At Audit Scotland, the annual refresh of our work programme gives us the opportunity to consider how our audit work reflects the priorities and challenges of Scotland’s public sector.
Together with the Accounts Commission, we use intelligence gained from our audit work, and engagement with key stakeholders like the Scottish Parliament and our Inform 100 youth panel, to help us decide where our audits are likely to have the most impact and make a real difference.
Our work spans Scotland’s entire public sector so we’re in a privileged position of being able to see how services link together and where the gaps are.
It can be tough for people delivering services to achieve that perspective. Each public body has its own purpose, targets and challenges. All important, but they can be barriers to building relationships delivering services differently, and long-term, sustainable change.

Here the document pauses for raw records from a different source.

lemma prob_average_deviation_le:
  fixes \<phi> :: "real \<Rightarrow> real"
  assumes [measurable]: "\<phi> \<in> borel_measurable borel"
    and bound: "\<And>x. \<bar>\<phi> x\<bar> \<le> B" and "\<epsilon> \<ge> 0" and "n > 0"
  shows "prob {\<omega>\<in>space M. \<epsilon> \<le> \<bar>(\<Sum>i=1..n. \<phi> (X i \<omega>)) / real n - expectation (\<lambda>\<omega>. \<phi> (X 1 \<omega>))\<bar>}
    \<le> 2 * exp (real n * (- 2 * \<epsilon>\<^sup>2 / (2 * B + 2)\<^sup>2))"
proof -
  have B: "B \<ge> 0" using bound[of 0] by linarith
  interpret H: Hoeffding_ineq_iid M "{1..n}" "\<lambda>i \<omega>. \<phi> (X i \<omega>)" "\<lambda>\<omega>. \<phi> (X 1 \<omega>)" "- B - 1" "B + 1"
    "expectation (\<lambda>\<omega>. \<phi> (X 1 \<omega>))"
  proof unfold_locales
    have "indep_vars (\<lambda>_. borel) X {1..n}"
      by (rule indep_vars_subset[OF indep]) auto
    then show "indep_vars (\<lambda>_. borel) (\<lambda>i \<omega>. \<phi> (X i \<omega>)) {1..n}"
      by (rule indep_vars_compose2[where M'="\<lambda>_. borel"]) simp
    fix i assume "i \<in> {1..n}"
    then have "i \<ge> 1" by simp
    have "distr M borel (\<lambda>\<omega>. \<phi> (X i \<omega>)) = distr (distr M borel (X i)) borel \<phi>"
      using \<open>i \<ge> 1\<close> by (simp add: distr_distr comp_def)
    also have "\<dots> = distr (distr M borel (X 1)) borel \<phi>"
      by (simp only: ident[OF \<open>i \<ge> 1\<close>])
    also have "\<dots> = distr M borel (\<lambda>\<omega>. \<phi> (X 1 \<omega>))"
      by (simp add: distr_distr comp_def)
    finally show "distr M borel (\<lambda>\<omega>. \<phi> (X i \<omega>)) = distr M borel (\<lambda>\<omega>. \<phi> (X 1 \<omega>))" .
  next
    have "\<phi> x \<in> {- B - 1..B + 1}" for x
      using bound[of x] by (simp add: abs_le_iff)
    then show "AE \<omega> in M. \<phi> (X 1 \<omega>) \<in> {- B - 1..B + 1}" by simp
  qed simp_all
  have "prob {\<omega>\<in>space M. \<epsilon> \<le> \<bar>(\<Sum>i=1..n. \<phi> (X i \<omega>)) / real n - expectation (\<lambda>\<omega>. \<phi> (X 1 \<omega>))\<bar>}
      = prob {\<omega>\<in>space M. \<bar>(\<Sum>i\<in>{1..n}. \<phi> (X i \<omega>)) / real (card {1..n})
          - expectation (\<lambda>\<omega>. \<phi> (X 1 \<omega>))\<bar> \<ge> \<epsilon>}"
    by simp
  also have "\<dots> \<le> 2 * exp (-2 * real (card {1..n}) * \<epsilon>\<^sup>2 / (B + 1 - (- B - 1))\<^sup>2)"
    by (rule H.Hoeffding_ineq_abs_ge') (use assms(3,4) B in auto)
  also have "\<dots> = 2 * exp (real n * (- 2 * \<epsilon>\<^sup>2 / (2 * B + 2)\<^sup>2))"
    by (simp add: mult_ac add_ac)
  finally show ?thesis .
qed

lemma AE_eventually_average_close:
  fixes \<phi> :: "real \<Rightarrow> real"
  assumes [measurable]: "\<phi> \<in> borel_measurable borel"
    and bound: "\<And>x. \<bar>\<phi> x\<bar> \<le> B" and "\<epsilon> > 0"
  shows "AE \<omega> in M. eventually (\<lambda>n.
    \<bar>(\<Sum>i=1..n. \<phi> (X i \<omega>)) / real n - expectation (\<lambda>\<omega>. \<phi> (X 1 \<omega>))\<bar> < \<epsilon>) sequentially"
proof -
  define A where "A n = {\<omega>\<in>space M.
    \<epsilon> \<le> \<bar>(\<Sum>i=1..n. \<phi> (X i \<omega>)) / real n - expectation (\<lambda>\<omega>. \<phi> (X 1 \<omega>))\<bar>}" for n
  define q where "q = exp (- 2 * \<epsilon>\<^sup>2 / (2 * B + 2)\<^sup>2)"
  have q: "0 < q" "q < 1" using bound[of 0] \<open>\<epsilon> > 0\<close> unfolding q_def by auto
  have A_le: "prob (A n) \<le> 2 * q ^ n" for n
  proof (cases "n = 0")
    case True
    have "prob (A n) \<le> 1" by simp
    moreover have "2 * q ^ n = 2" using True by simp
    ultimately show ?thesis by linarith
  next
    case False
    have "prob (A n) \<le> 2 * exp (real n * (- 2 * \<epsilon>\<^sup>2 / (2 * B + 2)\<^sup>2))"
      unfolding A_def using False \<open>\<epsilon> > 0\<close>
      by (intro prob_average_deviation_le[OF assms(1) bound]) auto
    then show ?thesis by (simp only: q_def exp_of_nat_mult)
  qed
  have "summable (\<lambda>n. prob (A n))"
    by (rule summable_comparison_test'[where g="\<lambda>n. 2 * q ^ n"])
      (use A_le q in \<open>auto intro!: summable_mult summable_geometric\<close>)
  then have "AE \<omega> in M. eventually (\<lambda>n. \<omega> \<in> space M - A n) sequentially"
    by (intro borel_cantelli_AE1) (auto simp: A_def less_top[symmetric])
  then show ?thesis
    by (rule AE_mp) (auto simp: A_def not_le intro!: AE_I2 elim: eventually_mono)
qed
lemma ex1_maximal_chain_list_of_multichain:
  assumes "c \<in> multichains P k"
  shows "\<exists>!m. m \<in> maximal_chain_lists \<and> set c \<subseteq> set m \<and> (!) m ` descents m \<subseteq> set c"
proof -
  have "\<exists>!m. sat_chain P bot top m \<and> set c \<subseteq> set m \<and> (!) m ` descents m \<subseteq> set c"
    using assms bot_in_P top_in_P bot_least top_greatest
    by (intro ex1_sat_chain_descents_within) (auto simp: multichains_def)
  then show ?thesis unfolding maximal_chain_lists_def by simp
qed

lemma finite_multichains: "finite (multichains P k)"
proof (rule finite_subset)
  show "multichains P k \<subseteq> {c. set c \<subseteq> P \<and> length c = k}"
    by (auto simp: multichains_def)
  show "finite {c. set c \<subseteq> P \<and> length c = k}"
    using finite_P by (rule finite_lists_length_eq)
qed

lemma descents_maximal_chain_list:
  "m \<in> maximal_chain_lists \<Longrightarrow> descents m \<subseteq> {1..<rk top}"
  using descents_subset[of m] length_maximal_chain_list by simp

definition multichain_of_ranks :: "'a list \<Rightarrow> nat multiset \<Rightarrow> 'a list" where
  "multichain_of_ranks m M = map ((!) m) (sorted_list_of_multiset M)"

lemma ranks_multichain_of_ranks:
  assumes "m \<in> maximal_chain_lists" "set_mset M \<subseteq> {..rk top}"
  shows "map rk (multichain_of_ranks m M) = sorted_list_of_multiset M"
  using assms rank_nth_maximal_chain_list length_maximal_chain_list
  by (auto simp: multichain_of_ranks_def intro!: map_idI)

lemma multichain_of_ranks_on_maximal_chain_list:
  assumes m: "m \<in> maximal_chain_lists"
    and M: "M \<in> multisets_of_size {..rk top} k" "descents m \<subseteq> set_mset M"
  shows "multichain_of_ranks m M \<in> multichains P k"
    and "set (multichain_of_ranks m M) \<subseteq> set m"
    and "(!) m ` descents m \<subseteq> set (multichain_of_ranks m M)"
proof -
  let ?c = "multichain_of_ranks m M"
  have index: "i < length m" if "i \<in># M" for i
    using that M(1) length_maximal_chain_list[OF m] by (auto simp: multisets_of_size_def)
  have "sorted_wrt (\<le>) ?c"
    unfolding multichain_of_ranks_def sorted_wrt_map
    by (rule sorted_wrt_mono_rel[OF _ sorted_sorted_list_of_multiset])
      (use index maximal_chain_list_mono[OF m] in auto)
  moreover show on_m: "set ?c \<subseteq> set m"
    using index by (auto simp: multichain_of_ranks_def)
  moreover have "length ?c = k"
    using M(1) mset_sorted_list_of_multiset[of M] size_mset
    by (metis length_map multisets_of_size_size multichain_of_ranks_def)
  ultimately show "?c \<in> multichains P k"
    using maximal_chain_list_subset[OF m] by (auto simp: multichains_def)
  show "(!) m ` descents m \<subseteq> set ?c"
    using M(2) by (auto simp: multichain_of_ranks_def)
qed

lemma multichain_of_ranks_of_multichain:
  assumes m: "m \<in> maximal_chain_lists"
    and c: "c \<in> multichains P k" "set c \<subseteq> set m" "(!) m ` descents m \<subseteq> set c"
  shows "multichain_of_ranks m (mset (map rk c)) = c"
    and "mset (map rk c) \<in> multisets_of_size {..rk top} k"
    and "descents m \<subseteq> set_mset (mset (map rk c))"
proof -
  have "sorted_wrt (\<le>) c" using c(1) by (simp add: multichains_def)
  then have "sorted (map rk c)"
    unfolding sorted_wrt_map
    by (rule sorted_wrt_mono_rel[rotated]) (use c(2) maximal_chain_list_subset[OF m] rank_mono in blast)
  then have "sorted_list_of_multiset (mset (map rk c)) = map rk c"
    by (simp only: sorted_list_of_multiset_mset sorted_sort_id)
  then have "multichain_of_ranks m (mset (map rk c)) = map (\<lambda>x. m ! rk x) c"
    by (simp only: multichain_of_ranks_def map_map comp_def)
  also have "\<dots> = c"
    using c(2) nth_rank_maximal_chain_list[OF m] by (intro map_idI) auto
  finally show "multichain_of_ranks m (mset (map rk c)) = c" .
  have "rk ` set c \<subseteq> {..rk top}"
    using c(2) length_maximal_chain_list[OF m] rank_nth_maximal_chain_list[OF m]
    by (fastforce simp: in_set_conv_nth)
  then show "mset (map rk c) \<in> multisets_of_size {..rk top} k"
    using c(1) by (auto simp: multisets_of_size_def multichains_def)
  show "descents m \<subseteq> set_mset (mset (map rk c))"
  proof
    fix i assume i: "i \<in> descents m"
    then have "i < length m" using descents_subset by fastforce
    then show "i \<in> set_mset (mset (map rk c))"
      using c(3) i rank_nth_maximal_chain_list[OF m] by (force simp: image_iff)
  qed
qed

lemma multichains_on_maximal_chain_list:
  assumes m: "m \<in> maximal_chain_lists"
  shows "{c\<in>multichains P k. set c \<subseteq> set m \<and> (!) m ` descents m \<subseteq> set c} =
    multichain_of_ranks m ` {M\<in>multisets_of_size {..rk top} k. descents m \<subseteq> set_mset M}"
proof (intro equalityI subsetI)
  fix c assume "c \<in> {c\<in>multichains P k. set c \<subseteq> set m \<and> (!) m ` descents m \<subseteq> set c}"
  then have c: "c \<in> multichains P k" "set c \<subseteq> set m" "(!) m ` descents m \<subseteq> set c" by simp_all
  show "c \<in> multichain_of_ranks m ` {M\<in>multisets_of_size {..rk top} k. descents m \<subseteq> set_mset M}"
    using multichain_of_ranks_of_multichain[OF m c] by (intro image_eqI[of _ _ "mset (map rk c)"]) simp_all
qed (use multichain_of_ranks_on_maximal_chain_list[OF m] in blast)

lemma sum_multichains_on_maximal_chain_list:
  assumes m: "m \<in> maximal_chain_lists"
  shows "(\<Sum>c\<in>{c\<in>multichains P k. set c \<subseteq> set m \<and> (!) m ` descents m \<subseteq> set c}. qvar ^ (\<Sum>e\<leftarrow>c. rk e)) =
    (\<Sum>M\<in>{M\<in>multisets_of_size {..rk top} k. descents m \<subseteq> set_mset M}. qvar ^ sum_mset M)"
proof -
  let ?Y = "{M\<in>multisets_of_size {..rk top} k. descents m \<subseteq> set_mset M}"
  have ranks: "map rk (multichain_of_ranks m M) = sorted_list_of_multiset M" if "M \<in> ?Y" for M
    using that ranks_multichain_of_ranks[OF m] by (simp add: multisets_of_size_def)
  have "inj_on (multichain_of_ranks m) ?Y"
    by (rule inj_onI) (metis ranks mset_sorted_list_of_multiset)
  then have "(\<Sum>c\<in>multichain_of_ranks m ` ?Y. qvar ^ (\<Sum>e\<leftarrow>c. rk e)) =
      (\<Sum>M\<in>?Y. qvar ^ (\<Sum>e\<leftarrow>multichain_of_ranks m M. rk e))"
    by (simp add: sum.reindex)
  also have "\<dots> = (\<Sum>M\<in>?Y. qvar ^ sum_mset M)"
  proof (rule sum.cong[OF refl])
    fix M assume "M \<in> ?Y"
    then have "(\<Sum>e\<leftarrow>multichain_of_ranks m M. rk e) = sum_list (sorted_list_of_multiset M)"
      by (simp only: ranks)
    also have "\<dots> = sum_mset M"
      by (metis mset_sorted_list_of_multiset sum_mset_sum_list)
    finally show "qvar ^ (\<Sum>e\<leftarrow>multichain_of_ranks m M. rk e) = qvar ^ sum_mset M" by simp
  qed
  finally show ?thesis unfolding multichains_on_maximal_chain_list[OF m] .
qed

lemma qZeta_eq:
  "qZeta P rk = (\<Sum>m\<in>maximal_chain_lists.
     smult (qvar ^ \<Sum>(descents m)) (qmultichoose_poly (rk top) (card (descents m))))"
proof (rule qZeta_eqI)
  fix n :: nat assume "2 \<le> n"
  have "(\<Sum>c\<in>multichains P (n - 1). qvar ^ (\<Sum>e\<leftarrow>c. rk e)) =
      (\<Sum>m\<in>maximal_chain_lists. \<Sum>M\<in>{M\<in>multisets_of_size {..rk top} (n - 1). descents m \<subseteq> set_mset M}.
         qvar ^ sum_mset M)"
    using finite_multichains finite_maximal_chain_lists ex1_maximal_chain_list_of_multichain
    by (simp add: sum_partition_ex1[where R = "\<lambda>c m. set c \<subseteq> set m \<and> (!) m ` descents m \<subseteq> set c"]
        sum_multichains_on_maximal_chain_list)
  also have "\<dots> = (\<Sum>m\<in>maximal_chain_lists.
      qvar ^ \<Sum>(descents m) * poly (qmultichoose_poly (rk top) (card (descents m))) (qint n))"
  proof (rule sum.cong[OF refl])
    fix m assume m: "m \<in> maximal_chain_lists"
    have D: "finite (descents m)" "descents m \<subseteq> {..rk top}" "card (descents m) \<le> rk top"
      using descents_maximal_chain_list[OF m] card_mono[of "{1..<rk top}" "descents m"]
      by (auto intro: finite_subset)
    show "(\<Sum>M\<in>{M\<in>multisets_of_size {..rk top} (n - 1). descents m \<subseteq> set_mset M}. qvar ^ sum_mset M) =
        qvar ^ \<Sum>(descents m) * poly (qmultichoose_poly (rk top) (card (descents m))) (qint n)"
      using \<open>2 \<le> n\<close>
      by (simp add: sum_qpower_multisets_containing[OF D(1,2)] poly_qmultichoose_poly[OF _ D(3)]) arith
  qed
  finally show "poly (\<Sum>m\<in>maximal_chain_lists.
      smult (qvar ^ \<Sum>(descents m)) (qmultichoose_poly (rk top) (card (descents m)))) (qint n) =
      (\<Sum>c\<in>multichains P (n - 1). qvar ^ (\<Sum>e\<leftarrow>c. rk e))"
    by (simp add: poly_sum)
qed
(* Consider a wireless network in $\mathbb{R}^2$ in which a typical actuator is located at the origin and is served by a typical controller at fixed distance $r_0>0$. The other controllers form a homogeneous Poisson point process $\Phi$ of density $\lambda>0$. In block $k$, with $P_{{\rm O}_{k-1}}\in[0,1]$ and access probabilities $\delta_{{\rm B}_k},\delta_{{\rm S}_k},\delta_{{\rm C}_k}\in[0,1]$, each controller of $\Phi$ is, independently of the others, in one of three access modes: - block-access mode $\Phi_{\rm B}$, with probability $(1-P_{{\rm O}_{k-1}})\delta_{{\rm B}_k}$, transmitting in every slot of block $k$; - slot-access mode $\Phi_{\rm S}$, with probability $(1-P_{{\rm O}_{k-1}})(1-\delta_{{\rm B}_k})$, transmitting in each slot independently with probability $\delta_{{\rm S}_k}$; - post-controllability mode $\Phi_{\rm C}$, with probability $P_{{\rm O}_{k-1}}$, transmitting in each slot independently with probability $\delta_{{\rm C}_k}$. Define $$\lambda_{{\rm B}_k}=(1-P_{{\rm O}_{k-1}})\delta_{{\rm B}_k}\lambda,\qquad \lambda_{{\rm S}_k}=(1-P_{{\rm O}_{k-1}})(1-\delta_{{\rm B}_k})\delta_{{\rm S}_k}\lambda,\qquad \lambda_{{\rm C}_k}=P_{{\rm O}_{k-1}}\delta_{{\rm C}_k}\lambda,$$ and set $\lambda_{\rm eff}=\lambda_{{\rm B}_k}+\lambda_{{\rm S}_k}+\lambda_{{\rm C}_k}$. In a slot $t$ of block $k$, let $\mathbb{I}_j(S_t)\in\{0,1\}$ indicate that controller $j$ transmits. The SINR at the typical actuator is $$\Upsilon(t)=\frac{\mathbb{I}_0(S_t)\,\xi |h_0(t)|^2 r_0^{-\alpha}}{N_o+\sum_{j\in\Phi\setminus\{0\}}\mathbb{I}_j(S_t)\,\xi|h_j(t)|^2 r_j^{-\alpha}},$$ where: - $\xi>0$ is the transmit power and $N_o\ge 0$ the noise power; - $\alpha>0$ is the path-loss exponent; - $r_j$ is the distance from controller $j$ to the origin; - the fading powers $|h_j(t)|^2$ are i.i.d. exponential with mean $1$, independent of everything else. Let $\gamma>0$. Then, for any access mode $\phi\in\{\Phi_{\rm B},\Phi_{\rm S},\Phi_{\rm C}\}$ of the typical controller, the conditional success probability $\varrho_k=\mathbb{P}(\Upsilon(t)>\gamma\mid \mathbb{I}_0(S_t)=1,\phi)$ does not depend on $\phi$, and $$\varrho_k=\exp\Big(-\frac{\gamma N_o}{\xi r_0^{-\alpha}}\Big)\exp\Big(-2\pi\lambda_{\rm eff}\int_0^\infty \frac{\gamma r^{-\alpha}}{r_0^{-\alpha}+\gamma r^{-\alpha}}\,r\,dr\Big).$$
   Context: The typical controller–actuator pair is placed at the origin by Slivnyak's theorem, so the remaining controllers still form a homogeneous PPP of density $\lambda$. The quantity $P_{{\rm O}_{k-1}}$ is the probability that a controller has achieved block controllability by the end of block $k-1$. It serves here only as a given number in $[0,1]$ determining the fractions of controllers in each access mode. *)

theory Defs
  imports "HOL-Probability.Probability"
begin
(* Assume there exists a subset $S\subseteq\{1,\dots,d\}$ that is e-invariant with respect to $\mathcal E$, and assume that every $S\subseteq\{1,\dots,d\}$ that is e-invariant with respect to $\mathcal E^{\mathrm{tr}}$ is also e-invariant with respect to $\mathcal E^{\mathrm{tr}}\cup[e^{\mathrm{tst}}]$. Let $e\in\mathcal E^{\mathrm{tr}}$ be arbitrary, for every $S\in\mathcal S^{\mathrm{e\text{-}inv}}_{\mathcal E^{\mathrm{tr}}}$ let $\pi^S\in\Pi^S_{\mathrm{opt}}$, let $$S^*\in\operatorname*{argmax}_{S\in\mathcal S^{\mathrm{e\text{-}inv}}_{\mathcal E^{\mathrm{tr}}}}\mathbb E^{e^{\mathrm{tst}}}\Big[\sum_{t\in\mathcal T}\tau^S_e(X^S,t)\,\pi^S(t\mid X)\Big],$$ and let $\pi^{\mathrm{e\text{-}inv}}:=\pi^{S^*}$. Then: (i) $\max_{t\in\mathcal T}\mathbb E^{e^{\mathrm{tst}},\pi_t}[Y]\le\mathbb E^{e^{\mathrm{tst}},\pi^{\mathrm{e\text{-}inv}}}[Y]$. (ii) If in addition there exist $e'\in[e^{\mathrm{tst}}]$ and $S'\in\mathcal S^{\mathrm{e\text{-}inv}}_{\mathcal E}$ such that $\max_{t\in\mathcal T}\tau_{e'}(x,t)=\max_{t\in\mathcal T}\tau^{S'}_{e'}(x^{S'},t)$ for all $x\in\mathcal X$, then $V^{[e^{\mathrm{tst}}]}(\pi^{\mathrm{e\text{-}inv}})\ge V^{[e^{\mathrm{tst}}]}(\pi)$ for all $\pi\in\Pi$.
   Context: Multi-environment policy learning setting. Let $\mathcal E\subset\mathbb R$ be a set of environments, $\mathcal X\subseteq\mathbb R^d$, $\mathcal U\subseteq\mathbb R^p$, $\mathcal T=\{1,\dots,k\}$ a finite set of treatments, $\Delta(\mathcal T)$ the probability simplex over $\mathcal T$, and $\Pi=\{\pi:\mathcal X\to\Delta(\mathcal T)\}$ the set of policies; write $\pi(t\mid x):=\pi(x)(t)$. For each $e\in\mathcal E$ let $\mathbb P^e_{X,U}$ be a distribution on $\mathcal X\times\mathcal U$, and for each $e,x,u,t$ a distribution $\mathbb P^e_{Y\mid X=x,U=u,T=t}$ on $\mathbb R$. For $e\in\mathcal E$, $\pi\in\Pi$, $(Y,X,U,T)$ is defined by $(X,U)\sim\mathbb P^e_{X,U}$, $T\sim\pi(X)$, $Y\sim\mathbb P^e_{Y\mid X,U,T}$; expectations are denoted $\mathbb E^{e,\pi}$ ($\pi$ dropped for quantities of $(X,U)$ only). Joint laws have densities with respect to a common product measure, and $\mathbb P^e_X$ has full support on $\mathcal X$. Training observations $(Y_i,X_i,T_i,\pi_i,e_i)_{i=1}^n$: environments $e_i$ and policies $\pi_i$ fixed, $(X_i,U_i)\sim\mathbb P^{e_i}_{X,U}$, $T_i\sim\pi_i(X_i)$, $Y_i\sim\mathbb P^{e_i}_{Y\mid X=X_i,U=U_i,T=T_i}$, independently over $i$; the training policies satisfy $\pi_i(t\mid x)>0$ for all $i,t,x$. $\mathcal E^{\mathrm{tr}}\subseteq\mathcal E$ is the set of environments appearing in the training data. Zero-shot setting: at test time only covariate observations from a test environment $e^{\mathrm{tst}}\in\mathcal E$ are available, with distribution $Q^{\mathrm{tst}}_X:=\mathbb P^{e^{\mathrm{tst}}}_X$; $[e^{\mathrm{tst}}]:=\{e\in\mathcal E:\mathbb P^e_X=Q^{\mathrm{tst}}_X\}$. A baseline treatment $t_0\in\mathcal T$ is fixed; $\pi_t$ denotes the policy always selecting $t$. For $S\subseteq\{1,\dots,d\}$, $x^S$ is the subvector with coordinates in $S$, $\mathcal X^S$ the projection of $\mathcal X$. CATE: $\tau^S_e(x,t):=\mathbb E^{e,\pi_t}[Y\mid X^S=x]-\mathbb E^{e,\pi_{t_0}}[Y\mid X^S=x]$; $\tau_e:=\tau^{\{1,\dots,d\}}_e$. $S$ is e-invariant with respect to $\mathcal E^\diamond\subseteq\mathcal E$ if $\tau^S_{e_1}\equiv\tau^S_{e_2}$ for all $e_1,e_2\in\mathcal E^\diamond$; $\mathcal S^{\mathrm{e\text{-}inv}}_{\mathcal E^\diamond}$ is the collection of all such sets. For $S\in\mathcal S^{\mathrm{e\text{-}inv}}_{\mathcal E^{\mathrm{tr}}}$: $\Pi^S$ is the set of policies $\pi$ with $\pi(\cdot\mid x)=\bar\pi(\cdot\mid x^S)$ for some $\bar\pi:\mathcal X^S\to\Delta(\mathcal T)$; $\Pi^S_{\mathrm{opt}}$ is the set of $\pi^S\in\Pi^S$ such that $\pi^S(t\mid x)>0$ implies $t\in\operatorname*{argmax}_{t'\in\mathcal T}\frac{1}{|\mathcal E^{\mathrm{tr}}|}\sum_{e\in\mathcal E^{\mathrm{tr}}}\tau^S_e(x^S,t')$. Worst-case objective: $V^{[e^{\mathrm{tst}}]}(\pi):=\inf_{e\in[e^{\mathrm{tst}}]}\big(\mathbb E^{e,\pi}[Y]-\mathbb E^{e,\pi_{t_0}}[Y]\big)$. *)

theory Defs
  imports "HOL-Probability.Probability"
begin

Health and social services are a good example of a system under pressure to deliver an ambitious vision and struggling to achieve the joined-up thinking and evidence-based decision making that would support improvement for both staff and the people who rely on their services.
The Commission and I have reported extensively on the performance of health and social care services and we’ll build on this work in the coming years.
As well as our annual review of the NHS in Scotland, we’ll revisit NHS workforce planning later this year with an audit focussed on staff in community care services.
We’ll also shine a light on other corners of the system with audits on social care sustainability and outcomes for children with additional support needs.
Delivering services differently also means equipping people and places with technology and systems that are fit for purpose. Both the Commission and I will report separately on digital progress in Scotland’s local and central governments.
Finally, reporting on the impact of the Parliament’s new financial powers remains a significant piece of on-going work. Social security is the focus of this year’s audit, specifically how well the Scottish Government is managing delivery of 11 newly devolved benefits, which will result in approximately £3.3bn in spending once they’re fully implemented.